Published Feb 23, 2016 12:35 PM by Reuters

Two years after it first flagged a sale, Australia's Victoria state on Monday threatened to bypass parliament to privatize the Port of Melbourne, the nation's biggest container port, if lawmakers could not agree to sale terms.

Victorian state Treasurer Tim Pallas said if the Labor government and Liberal opposition cannot agree to sale terms by Thursday he will use special government powers reserved for large state-owned infrastructure divestments to enable a deal.

"We've got a mandate, we're implementing it, make no mistake. Thursday is a rock hard deadline," Pallas told reporters.

The prospect of sidestepping parliament to push through a sale highlights the extent to which political headwinds have hampered a A$100 billion ($72 billion) plus program of public asset sales being used by Australian federal and state governments to cut debt and fund capital works.

The Port of Melbourne sale, which local media have said is expected to fetch A$6 billion, was first proposed in March 2014 by Victoria's then conservative Liberal government. Since then the state has had a change of government and a lengthy public inquiry into the divestment.

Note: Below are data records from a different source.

lemma affine_perm_permutes:
  assumes "a \<in> Units R" and "b \<in> carrier R"
  shows "affine_perm a b permutes Units R"
proof (rule bij_imp_permutes)
  have "affine_perm a b ` Units R = Units R"
    using assms affine_perm_in_Units inj_on_affine_perm finite_Units by (intro endo_inj_surj) auto
  then show "bij_betw (affine_perm a b) (Units R) (Units R)"
    using inj_on_affine_perm[OF assms] by (simp add: bij_betw_def)
qed (simp add: affine_perm_def)

text \<open>The only way for two distinct affine permutations to agree in three points.\<close>

definition affine_clash :: "'a \<Rightarrow> 'a \<Rightarrow> 'a \<Rightarrow> 'a \<Rightarrow> bool" where
  "affine_clash a b a' b' \<longleftrightarrow> b \<noteq> \<zero> \<and> b' \<noteq> \<zero> \<and> a \<noteq> a' \<and>
     a \<otimes> a' = (a \<oplus> a') \<otimes> (a \<oplus> a') \<and> a' \<otimes> b' = \<ominus> (a \<otimes> b)"

lemma affine_perm_agree_at_root:
  assumes a: "a \<in> Units R" "a' \<in> Units R" "a \<noteq> a'" and b: "b \<in> carrier R" "b' \<in> carrier R"
    and u: "u \<in> Units R" "a \<otimes> u \<oplus> b = \<zero>"
    and agree: "affine_perm a b u = affine_perm a' b' u"
  shows "a' \<otimes> u \<oplus> b' = b"
proof (rule ccontr)
  assume "a' \<otimes> u \<oplus> b' \<noteq> b"
  then have "a' \<otimes> u \<oplus> b' = \<zero>" and "b = b'" using agree u by (auto simp: affine_perm_def split: if_splits)
  then have "a \<otimes> u = a' \<otimes> u" using u a b linear_root_unique by (metis add.right_cancel Units_closed m_closed)
  then show False using a u m_rcancel by (simp add: field_Units)
qed

lemma affine_clash_of_agreement_at_roots:
  assumes a: "a \<in> Units R" "a' \<in> Units R" "a \<noteq> a'" and b: "b \<in> carrier R" "b' \<in> carrier R"
    and u: "u \<in> Units R" "a \<otimes> u \<oplus> b = \<zero>" "affine_perm a b u = affine_perm a' b' u"
    and v: "v \<in> Units R" "a' \<otimes> v \<oplus> b' = \<zero>" "affine_perm a b v = affine_perm a' b' v"
  shows "affine_clash a b a' b'"
proof -
  have u': "a' \<otimes> u \<oplus> b' = b" using affine_perm_agree_at_root[OF a b u] .
  have v': "a \<otimes> v \<oplus> b = b'" using affine_perm_agree_at_root[OF a(2,1) a(3)[symmetric] b(2,1) v(1,2)] v(3) by simp
  have c: "a \<in> carrier R" "a' \<in> carrier R" "u \<in> carrier R" "v \<in> carrier R"
    and nz: "a \<noteq> \<zero>" "a' \<noteq> \<zero>" "u \<noteq> \<zero>" "v \<noteq> \<zero>"
    using a u v by (auto simp: field_Units)
  have nu: "\<ominus> (a \<otimes> u) = b" and nv: "\<ominus> (a' \<otimes> v) = b'"
    using u(2) v(2) c b by (metis add.inv_equality a_comm m_closed)+
  have "b \<noteq> \<zero>" "b' \<noteq> \<zero>" using nu nv nz c integral[of a u] integral[of a' v] by auto
  have E1: "a \<otimes> b' = b \<otimes> (a \<oplus> a')"
  proof -
    have "a \<otimes> b' = a \<otimes> (a' \<otimes> u \<oplus> b') \<oplus> a' \<otimes> (\<ominus> (a \<otimes> u))" using c b by algebra
    also have "\<dots> = b \<otimes> (a \<oplus> a')" unfolding u' nu using c b by algebra
    finally show ?thesis .
  qed
  have E2: "a' \<otimes> b = b' \<otimes> (a \<oplus> a')"
  proof -
    have "a' \<otimes> b = a' \<otimes> (a \<otimes> v \<oplus> b) \<oplus> a \<otimes> (\<ominus> (a' \<otimes> v))" using c b by algebra
    also have "\<dots> = b' \<otimes> (a \<oplus> a')" unfolding v' nv using c b by algebra
    finally show ?thesis .
  qed
  have "(a \<otimes> a') \<otimes> (b \<otimes> b') = ((a \<oplus> a') \<otimes> (a \<oplus> a')) \<otimes> (b \<otimes> b')"
  proof -
    have "(a \<otimes> a') \<otimes> (b \<otimes> b') = (a \<otimes> b') \<otimes> (a' \<otimes> b)" using c b by algebra
    also have "\<dots> = ((a \<oplus> a') \<otimes> (a \<oplus> a')) \<otimes> (b \<otimes> b')" unfolding E1 E2 using c b by algebra
    finally show ?thesis .
  qed
  moreover have "b \<otimes> b' \<noteq> \<zero>" using b \<open>b \<noteq> \<zero>\<close> \<open>b' \<noteq> \<zero>\<close> integral[of b b'] by auto
  ultimately have K: "a \<otimes> a' = (a \<oplus> a') \<otimes> (a \<oplus> a')"
    using c b m_rcancel[of "b \<otimes> b'" "a \<otimes> a'" "(a \<oplus> a') \<otimes> (a \<oplus> a')"] by simp
  have "a \<otimes> (a' \<otimes> b') \<ominus> a \<otimes> (\<ominus> (a \<otimes> b)) = a' \<otimes> (a \<otimes> b') \<oplus> b \<otimes> (a \<otimes> a)"
    using c b by algebra
  also have "\<dots> = b \<otimes> ((a \<oplus> a') \<otimes> (a \<oplus> a') \<ominus> a \<otimes> a')" unfolding E1 using c b by algebra
  also have "\<dots> = \<zero>" using K c b by (simp add: a_minus_def r_neg)
  finally have "a \<otimes> (a' \<otimes> b') = a \<otimes> (\<ominus> (a \<otimes> b))" using c b by simp
  then have "a' \<otimes> b' = \<ominus> (a \<otimes> b)" using c b nz m_lcancel by simp
  then show ?thesis using K \<open>b \<noteq> \<zero>\<close> \<open>b' \<noteq> \<zero>\<close> a(3) by (simp add: affine_clash_def)
qed
lemma word_eq_rev_append_self: "set xs \<subseteq> verts G \<Longrightarrow> word_eq G (rev xs @ xs) []"
proof (induction xs)
  case Nil
  then show ?case by (simp add: word_eq.refl)
next
  case (Cons x xs)
  then have "word_eq G (rev xs @ [x, x] @ xs) (rev xs @ xs)" by (intro word_eq.square) auto
  with Cons show ?case by (auto intro: word_eq.trans)
qed

lemma words_append [simp]: "xs @ ys \<in> words G \<longleftrightarrow> xs \<in> words G \<and> ys \<in> words G"
  by (auto simp: words_def)

lemma words_Nil [simp]: "[] \<in> words G"
  by (simp add: words_def)

definition word_class :: "'a graph \<Rightarrow> 'a list \<Rightarrow> 'a list set" where
  "word_class G xs = word_rel G `` {xs}"

lemma equiv_word_rel: "equiv (words G) (word_rel G)"
  unfolding equiv_def refl_on_def sym_def trans_def word_rel_def
  by (auto intro: word_eq.refl word_eq.sym word_eq.trans)

lemma mem_word_class_iff: "ys \<in> word_class G xs \<longleftrightarrow> xs \<in> words G \<and> ys \<in> words G \<and> word_eq G xs ys"
  by (simp add: word_class_def word_rel_def)

lemma word_class_eq_iff:
  assumes "xs \<in> words G" "ys \<in> words G"
  shows "word_class G xs = word_class G ys \<longleftrightarrow> word_eq G xs ys"
  using eq_equiv_class_iff[OF equiv_word_rel assms] assms by (simp add: word_class_def word_rel_def)

lemma word_class_in_carrier: "xs \<in> words G \<Longrightarrow> word_class G xs \<in> carrier (RACG G)"
  by (simp add: RACG_def word_class_def quotientI)

lemma carrier_RACGE:
  assumes "X \<in> carrier (RACG G)"
  obtains xs where "xs \<in> words G" "X = word_class G xs"
  using assms by (auto simp: RACG_def word_class_def elim!: quotientE)

lemma one_RACG: "\<one>\<^bsub>RACG G\<^esub> = word_class G []"
  by (simp add: RACG_def word_class_def)

lemma mult_word_class:
  assumes "xs \<in> words G" "ys \<in> words G"
  shows "word_class G xs \<otimes>\<^bsub>RACG G\<^esub> word_class G ys = word_class G (xs @ ys)"
proof -
  have "word_rel G `` {xs' @ ys'} = word_class G (xs @ ys)"
    if "xs' \<in> word_class G xs" "ys' \<in> word_class G ys" for xs' ys'
    using that assms word_class_eq_iff[of "xs' @ ys'" G "xs @ ys"]
    by (auto simp: mem_word_class_iff word_class_def[symmetric] intro: word_eq_append word_eq.sym)
  moreover have "xs \<in> word_class G xs" "ys \<in> word_class G ys"
    using assms by (auto simp: mem_word_class_iff word_eq.refl)
  ultimately show ?thesis by (auto simp: RACG_def)
qed

lemma group_RACG: "group (RACG G)"
proof (rule groupI)
  fix X Y assume "X \<in> carrier (RACG G)" "Y \<in> carrier (RACG G)"
  then show "X \<otimes>\<^bsub>RACG G\<^esub> Y \<in> carrier (RACG G)"
    by (auto elim!: carrier_RACGE simp: mult_word_class word_class_in_carrier)
next
  show "\<one>\<^bsub>RACG G\<^esub> \<in> carrier (RACG G)" by (simp add: one_RACG word_class_in_carrier)
next
  fix X Y Z assume "X \<in> carrier (RACG G)" "Y \<in> carrier (RACG G)" "Z \<in> carrier (RACG G)"
  then show "X \<otimes>\<^bsub>RACG G\<^esub> Y \<otimes>\<^bsub>RACG G\<^esub> Z = X \<otimes>\<^bsub>RACG G\<^esub> (Y \<otimes>\<^bsub>RACG G\<^esub> Z)"
    by (auto elim!: carrier_RACGE simp: mult_word_class)
next
  fix X assume "X \<in> carrier (RACG G)"
  then show "\<one>\<^bsub>RACG G\<^esub> \<otimes>\<^bsub>RACG G\<^esub> X = X"
    by (auto elim!: carrier_RACGE simp: mult_word_class one_RACG)
next
  fix X assume "X \<in> carrier (RACG G)"
  then obtain xs where xs: "xs \<in> words G" "X = word_class G xs" by (rule carrier_RACGE)
  have "rev xs \<in> words G" using xs(1) by (simp add: words_def)
  moreover have "word_class G (rev xs) \<otimes>\<^bsub>RACG G\<^esub> X = \<one>\<^bsub>RACG G\<^esub>"
    using xs calculation
    by (simp add: mult_word_class one_RACG word_class_eq_iff word_eq_rev_append_self words_def)
  ultimately show "\<exists>Y\<in>carrier (RACG G). Y \<otimes>\<^bsub>RACG G\<^esub> X = \<one>\<^bsub>RACG G\<^esub>"
    using word_class_in_carrier by blast
qed

definition vertex_gens :: "'a graph \<Rightarrow> 'a list set set" where
  "vertex_gens G = (\<lambda>v. word_class G [v]) ` verts G"

lemma word_class_eq_word_prod:
  "xs \<in> words G \<Longrightarrow> word_class G xs = word_prod (RACG G) (map (\<lambda>v. word_class G [v]) xs)"
proof (induction xs)
  case Nil
  then show ?case by (simp add: one_RACG)
next
  case (Cons v xs)
  then have "[v] \<in> words G" "xs \<in> words G" by (auto simp: words_def)
  then show ?case using Cons.IH mult_word_class[of "[v]" G xs] by simp
qed

lemma monoid_generated_RACG: "monoid_generated_by (RACG G) (vertex_gens G)"
  unfolding monoid_generated_by_def
proof (intro conjI ballI)
  show "vertex_gens G \<subseteq> carrier (RACG G)"
    by (auto simp: vertex_gens_def words_def intro!: word_class_in_carrier)
  fix X assume "X \<in> carrier (RACG G)"
  then obtain xs where xs: "xs \<in> words G" "X = word_class G xs" by (rule carrier_RACGE)
  then have "set (map (\<lambda>v. word_class G [v]) xs) \<subseteq> vertex_gens G"
    by (auto simp: vertex_gens_def words_def)
  then show "\<exists>w. set w \<subseteq> vertex_gens G \<and> X = word_prod (RACG G) w"
    using word_class_eq_word_prod[OF xs(1)] xs(2) by blast
qed

lemma finite_subgroups_of_index_RACG:
  "finite (verts G) \<Longrightarrow> finite (subgroups_of_index (RACG G) n)"
  by (rule group.finite_subgroups_of_index[OF group_RACG monoid_generated_RACG])
    (simp add: vertex_gens_def)

definition RACG_map :: "'c graph \<Rightarrow> ('a \<Rightarrow> 'c list) \<Rightarrow> 'a list set \<Rightarrow> 'c list set" where
  "RACG_map G' \<sigma> X = (\<Union>xs\<in>X. word_class G' (concat (map \<sigma> xs)))"

text \<open>A substitution of words for letters that respects the defining relations induces a
  homomorphism of right-angled Coxeter groups (von Dyck's theorem).\<close>

locale RACG_subst =
  fixes G :: "'a graph" and G' :: "'c graph" and \<sigma> :: "'a \<Rightarrow> 'c list"
  assumes subst_words: "v \<in> verts G \<Longrightarrow> \<sigma> v \<in> words G'"
    and subst_square: "v \<in> verts G \<Longrightarrow> word_eq G' (\<sigma> v @ \<sigma> v) []"
    and subst_commute:
      "v \<in> verts G \<Longrightarrow> w \<in> verts G \<Longrightarrow> adj G v w \<Longrightarrow> word_eq G' (\<sigma> v @ \<sigma> w) (\<sigma> w @ \<sigma> v)"
begin

lemma subst_mem_words: "xs \<in> words G \<Longrightarrow> concat (map \<sigma> xs) \<in> words G'"
proof (induction xs)
  case (Cons v xs)
  then show ?case using subst_words[of v] by (simp add: words_def)
qed simp

lemma word_eq_subst: "word_eq G xs ys \<Longrightarrow> word_eq G' (concat (map \<sigma> xs)) (concat (map \<sigma> ys))"
proof (induction rule: word_eq.induct)
  case (square v xs ys)
  then show ?case
    using word_eq_append_context[OF subst_square, of v "concat (map \<sigma> xs)" "concat (map \<sigma> ys)"]
    by simp
next
  case (commute v w xs ys)
  then show ?case
    using word_eq_append_context[OF subst_commute, of v w "concat (map \<sigma> xs)" "concat (map \<sigma> ys)"]
    by simp
qed (blast intro: word_eq.refl word_eq.sym word_eq.trans)+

Pallas's Labor government does not have control of the state's upper house where opposition lawmakers disagree with Labor's sale terms. Labor wants to include compensation if another operator builds a rival port within 50 years. The opposition believes the compensation should cover just 15 years.

"What we can't do is go against the advice (that) you must have a compensation regime, you must guarantee the value of the asset you are selling, and you must make sure the private sector ... can have the certainty that they can invest over time," he said.

Investors from China to Qatar are flocking to Australian infrastructure because it is seen as well-regulated and predictable, a reprieve from volatility in commodity and equity markets. In November, New South Wales sold an electricity network to a global consortium for A$10.3 billion.

But local politics have presented obstacles.

In 2015, Queensland voted out its government after one term based on a policy of selling infrastructure.

The same year, Northern Territory created a political backlash by selling its Port of Darwin to interests linked to the Chinese military, setting off a national government review of the processes by which foreign asset purchases are approved.